Pero como lo cortés no quita lo rebelde con causa, finalizamos con un consejo para los que sí quieran pasar el rato yendo de bordes, y les comentamos que, sin duda, lo más sensacional sería combinar la galaxia de las friquerías antisociales. Imagínense que rompedor. Ululando y pintados como indios de Jólivud, las señoras ataviadas con gorritos rojinegros, monos azules abiertos hasta el ombligo y cartucheras repletas de porros y flores, los señores cubiertos, bien con turbantes negros y arabescos impresos o con capuchones de semana santa y tres grandes “Kas” (y ambos gritando “¡muerte a los infieles!”) y los ambiguos llevando uniformes de tanquistas alemanes recortados para que se les vea el pecho y la tripa peluda, y agitando todos ellos calaveras y esvásticas, así como retratos de Stalin, de Hitler, de Ceaucescu, de Bokassa, de ben Laden, de Otegui, de Aznar y del machango «antes conocido como Prince», y portando, además, pancartas donde se leyera «¡muera el euro extranjero judeo-masónico y viva la peseta del Caudillo! (y una moneda con el perfil de Franco)» causarían una gran sensación.

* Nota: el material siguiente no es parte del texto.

lemma pending_init: "y \<in> Fpow_img \<gamma> u n U \<Longrightarrow> y \<in> Y \<Longrightarrow> pending U n y"
  unfolding pending_def by (rule exI[of _ y], rule exI[of _ 0]) auto

lemma pending_in_Fpow_img: "pending U n w \<Longrightarrow> w \<in> Y \<Longrightarrow> w \<in> Fpow_img \<gamma> u n U"
  unfolding pending_def by (metis funpow_0 le_refl less_one not_less)

lemma pending_step:
  assumes "pending U n w"
  shows "pending U (if fm w \<in> Y then Suc n else n) (fm w)"
proof -
  from assms obtain y j where y: "y \<in> Fpow_img \<gamma> u n U" "y \<in> Y" "(fm ^^ j) y = w"
    "\<And>i. 1 \<le> i \<Longrightarrow> i \<le> j \<Longrightarrow> (fm ^^ i) y \<notin> Y"
    unfolding pending_def by blast
  have orbit: "(fm ^^ Suc j) y = fm w"
    using y(3) by simp
  show ?thesis
  proof (cases "fm w \<in> Y")
    case True
    have "fm w \<in> Fimg (Fpow_img \<gamma> u n U)"
      using first_return_in_Fimg[OF y(1,2), of "Suc j"] y(4) True orbit by auto
    then show ?thesis
      using True by (simp add: pending_init)
  next
    case False
    then have "\<forall>i. 1 \<le> i \<and> i \<le> Suc j \<longrightarrow> (fm ^^ i) y \<notin> Y"
      using y(4) orbit le_Suc_eq by auto
    then show ?thesis
      unfolding pending_def using False y(1,2) orbit by (simp only: if_False) blast
  qed
qed

end

section \<open>Strips\<close>

locale skew_product_orbit = skew_product +
  fixes U :: "(real \<times> complex) set" and s0 :: real
begin

text \<open>A strip consists of the x-intervals [a s, b s] at the angles 4^m s, for all s in a punctured
  neighbourhood of s0, of points that are pending at level n. The endpoints vary with s since
  the left branch depends on the angle; only their values at s0 are compared.\<close>

definition strip :: "nat \<Rightarrow> nat \<Rightarrow> (real \<Rightarrow> real) \<Rightarrow> (real \<Rightarrow> real) \<Rightarrow> bool" where
  "strip n m a b \<longleftrightarrow> isCont a s0 \<and> isCont b s0 \<and> 0 < a s0 \<and> a s0 < b s0 \<and> b s0 \<le> 1 \<and>
     (\<forall>\<^sub>F s in at s0. \<forall>x. a s \<le> x \<and> x \<le> b s \<longrightarrow> pending U n (pt x (4 ^ m * s)))"

definition edge_box :: "nat \<Rightarrow> nat \<Rightarrow> real \<Rightarrow> bool" where
  "edge_box n m \<delta> \<longleftrightarrow> 0 < \<delta> \<and>
     (\<forall>\<^sub>F s in at s0. \<forall>x. 3/4 < x \<and> x \<le> 3/4 + \<delta> \<longrightarrow> pt x (4 ^ m * s) \<in> Fpow_img \<gamma> u n U)"

definition box_or_right_strip :: "real \<Rightarrow> bool" where
  "box_or_right_strip l \<longleftrightarrow> (\<exists>n m \<delta>. edge_box n m \<delta>) \<or>
     (\<exists>n m a b. strip n m a b \<and> 3/4 < a s0 \<and> l \<le> b s0 - a s0)"

lemma box_or_right_strip_mono: "box_or_right_strip l \<Longrightarrow> l' \<le> l \<Longrightarrow> box_or_right_strip l'"
  unfolding box_or_right_strip_def by force

lemma box_or_right_strip_of_strip:
  "strip n m a b \<Longrightarrow> 3/4 < a s0 \<Longrightarrow> l \<le> b s0 - a s0 \<Longrightarrow> box_or_right_strip l"
  unfolding box_or_right_strip_def by blast

lemma box_or_right_strip_of_edge_box: "\<exists>n m \<delta>. edge_box n m \<delta> \<Longrightarrow> box_or_right_strip l"
  unfolding box_or_right_strip_def by blast

lemma strip_of_image:
  assumes "\<forall>\<^sub>F s in at s0. \<forall>x. a s \<le> x \<and> x \<le> b s \<longrightarrow> pending U (k s x) (pt x (4 ^ m * s))"
    and "\<forall>\<^sub>F s in at s0. a s \<le> a' s \<and> b' s \<le> b s \<and> (\<forall>x. a' s \<le> x \<and> x \<le> b' s \<longrightarrow> k s x = n)"
    and "isCont a' s0" "isCont b' s0" "0 < a' s0" "a' s0 < b' s0" "b' s0 \<le> 1"
  shows "strip n m a' b'"
proof -
  from assms(1,2) have "\<forall>\<^sub>F s in at s0. \<forall>x. a' s \<le> x \<and> x \<le> b' s \<longrightarrow> pending U n (pt x (4 ^ m * s))"
    by eventually_elim (metis order_trans)
  with assms(3-) show ?thesis
    by (simp add: strip_def)
qed

lemma edge_box_of_image:
  assumes "\<forall>\<^sub>F s in at s0. \<forall>x. a s \<le> x \<and> x \<le> b s \<longrightarrow> pending U (k s x) (pt x (4 ^ m * s))"
    and "\<forall>\<^sub>F s in at s0. \<forall>x. 3/4 < x \<and> x \<le> 15/16 \<longrightarrow> k s x = n"
    and "isCont a s0" "isCont b s0" "a s0 < 3/4" "3/4 < b s0"
  shows "\<exists>\<delta>. edge_box n m \<delta>"
proof -
  define \<delta> where "\<delta> = min (3/16) ((b s0 - 3/4) / 2)"
  have "\<delta> \<le> (b s0 - 3/4) / 2"
    unfolding \<delta>_def by (rule min.cobounded2)
  then have \<delta>: "0 < \<delta>" "\<delta> \<le> 3/16" "3/4 + \<delta> < b s0"
    using assms(6) by (auto simp: \<delta>_def)
  have "\<forall>\<^sub>F s in at s0. a s < 3/4" "\<forall>\<^sub>F s in at s0. 3/4 + \<delta> < b s"
    using assms(3-6) \<delta>(3) by (auto intro: isCont_eventually_less isCont_eventually_gt)
  with assms(1,2) have "\<forall>\<^sub>F s in at s0. \<forall>x. 3/4 < x \<and> x \<le> 3/4 + \<delta> \<longrightarrow> pt x (4 ^ m * s) \<in> Fpow_img \<gamma> u n U"
  proof eventually_elim
    case (elim s)
    show ?case
    proof (intro allI impI)
      fix x assume x: "3/4 < x \<and> x \<le> 3/4 + \<delta>"
      then have "pending U n (pt x (4 ^ m * s))"
        using elim \<delta> by force
      moreover have "pt x (4 ^ m * s) \<in> Y"
        using x \<delta> G_gt[of "4 ^ m * s"] by (simp add: pt_in_Y_iff)
      ultimately show "pt x (4 ^ m * s) \<in> Fpow_img \<gamma> u n U"
        by (rule pending_in_Fpow_img)
    qed
  qed
  with \<delta> show ?thesis
    unfolding edge_box_def by blast
qed

lemma strip_image_right:
  assumes "strip n m a b" "3/4 < a s0"
  shows "\<forall>\<^sub>F s in at s0. \<forall>x. 4 * a s - 3 \<le> x \<and> x \<le> 4 * b s - 3 \<longrightarrow>
    pending U (if pt x (4 ^ Suc m * s) \<in> Y then Suc n else n) (pt x (4 ^ Suc m * s))"
proof -
  have "\<forall>\<^sub>F s in at s0. 3/4 < a s"
    using assms by (auto simp: strip_def intro: isCont_eventually_gt)
  moreover have "\<forall>\<^sub>F s in at s0. \<forall>x. a s \<le> x \<and> x \<le> b s \<longrightarrow> pending U n (pt x (4 ^ m * s))"
    using assms by (simp add: strip_def)
  ultimately show ?thesis
  proof eventually_elim
    case (elim s)
    show ?case
    proof (intro allI impI)
      fix x assume x: "4 * a s - 3 \<le> x \<and> x \<le> 4 * b s - 3"
      define y where "y = (x + 3) / 4"
      have "3/4 < y" "4 * y - 3 = x"
        using x elim by (simp_all add: y_def field_simps)
      then have "fm (pt y (4 ^ m * s)) = pt x (4 ^ Suc m * s)"
        by (simp add: fm_pt_right mult.assoc)
      moreover have "pending U n (pt y (4 ^ m * s))"
        using elim x by (simp add: y_def)
      ultimately show "pending U (if pt x (4 ^ Suc m * s) \<in> Y then Suc n else n) (pt x (4 ^ Suc m * s))"
        using pending_step by metis
    qed
  qed
qed

lemma strip_image_left:
  assumes "strip n m a b" "b s0 < 3/4"
  shows "\<forall>\<^sub>F s in at s0. \<forall>x. L (a s) (4 ^ m * s) \<le> x \<and> x \<le> L (b s) (4 ^ m * s) \<longrightarrow>
    pending U (if 3/4 \<le> x then Suc n else n) (pt x (4 ^ Suc m * s))"
proof -
  have "\<forall>\<^sub>F s in at s0. 0 < a s" "\<forall>\<^sub>F s in at s0. a s < b s" "\<forall>\<^sub>F s in at s0. b s < 3/4"
    using assms
    by (auto simp: strip_def intro: isCont_eventually_gt isCont_eventually_less isCont_eventually_less_fun)
  moreover have "\<forall>\<^sub>F s in at s0. \<forall>x. a s \<le> x \<and> x \<le> b s \<longrightarrow> pending U n (pt x (4 ^ m * s))"
    using assms by (simp add: strip_def)
  ultimately show ?thesis
  proof eventually_elim
    case (elim s)
    let ?t = "4 ^ m * s"
    show ?case
    proof (intro allI impI)
      fix x assume x: "L (a s) ?t \<le> x \<and> x \<le> L (b s) ?t"
      have "continuous_on {a s..b s} (\<lambda>y. L y ?t)"
        using elim by (intro continuous_on_subset[OF continuous_on_L]) auto
      then obtain y where y: "a s \<le> y" "y \<le> b s" "L y ?t = x"
        using IVT'[of "\<lambda>y. L y ?t" "a s" x "b s"] x elim by force
      have y_le: "0 \<le> y" "y \<le> 3/4"
        using y elim by auto
      have fm: "fm (pt y ?t) = pt x (4 ^ Suc m * s)"
        using y y_le by (simp add: fm_pt_left mult.assoc)
      have "x \<le> G (4 ^ Suc m * s)"
        using L_le_h[OF y_le, of ?t] h_le_G[of ?t] y(3) by (simp add: mult.assoc)
      then have "fm (pt y ?t) \<in> Y \<longleftrightarrow> 3/4 \<le> x"
        by (simp only: fm pt_in_Y_iff) simp
      moreover have "pending U (if fm (pt y ?t) \<in> Y then Suc n else n) (fm (pt y ?t))"
        using elim y by (intro pending_step) blast
      ultimately show "pending U (if 3/4 \<le> x then Suc n else n) (pt x (4 ^ Suc m * s))"
        by (simp only: fm)
    qed
  qed
qed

Y si al circo de los más bordes del vecindario le pusiéramos, como guinda, la señal de peligro radiactivo, y la pintoresca rata anarcofascista armada con un bate de béisbol, sería ya lo más borde en el mercado de los «niños terribles».
Lo hemos dicho varias veces y acabamos recordándolo. Al poder establecido le viene muy bien tener unos supuestos enemigos que actúan como espantapájaros y provocan más repelús que los politicastros del régimen. Como quienes integramos la alternativa no estamos por la labor de favorecer al poder establecido, no sólo cerramos la puerta a los que pretenden «hacer el indio», sino que los denunciamos para que todos tomen nota de lo que significa, no tanto para los propios sujetos que a eso dedican parte de su tiempo libre, sino lo que significa como comportamiento que beneficia al poder establecido.
1 comentario
Patria Socialista -
Se puede evolucionar ideologicamente pero los valores éticos o se tienen o no.
Un saludo a nuestro estilo.
¡Viva España socialista!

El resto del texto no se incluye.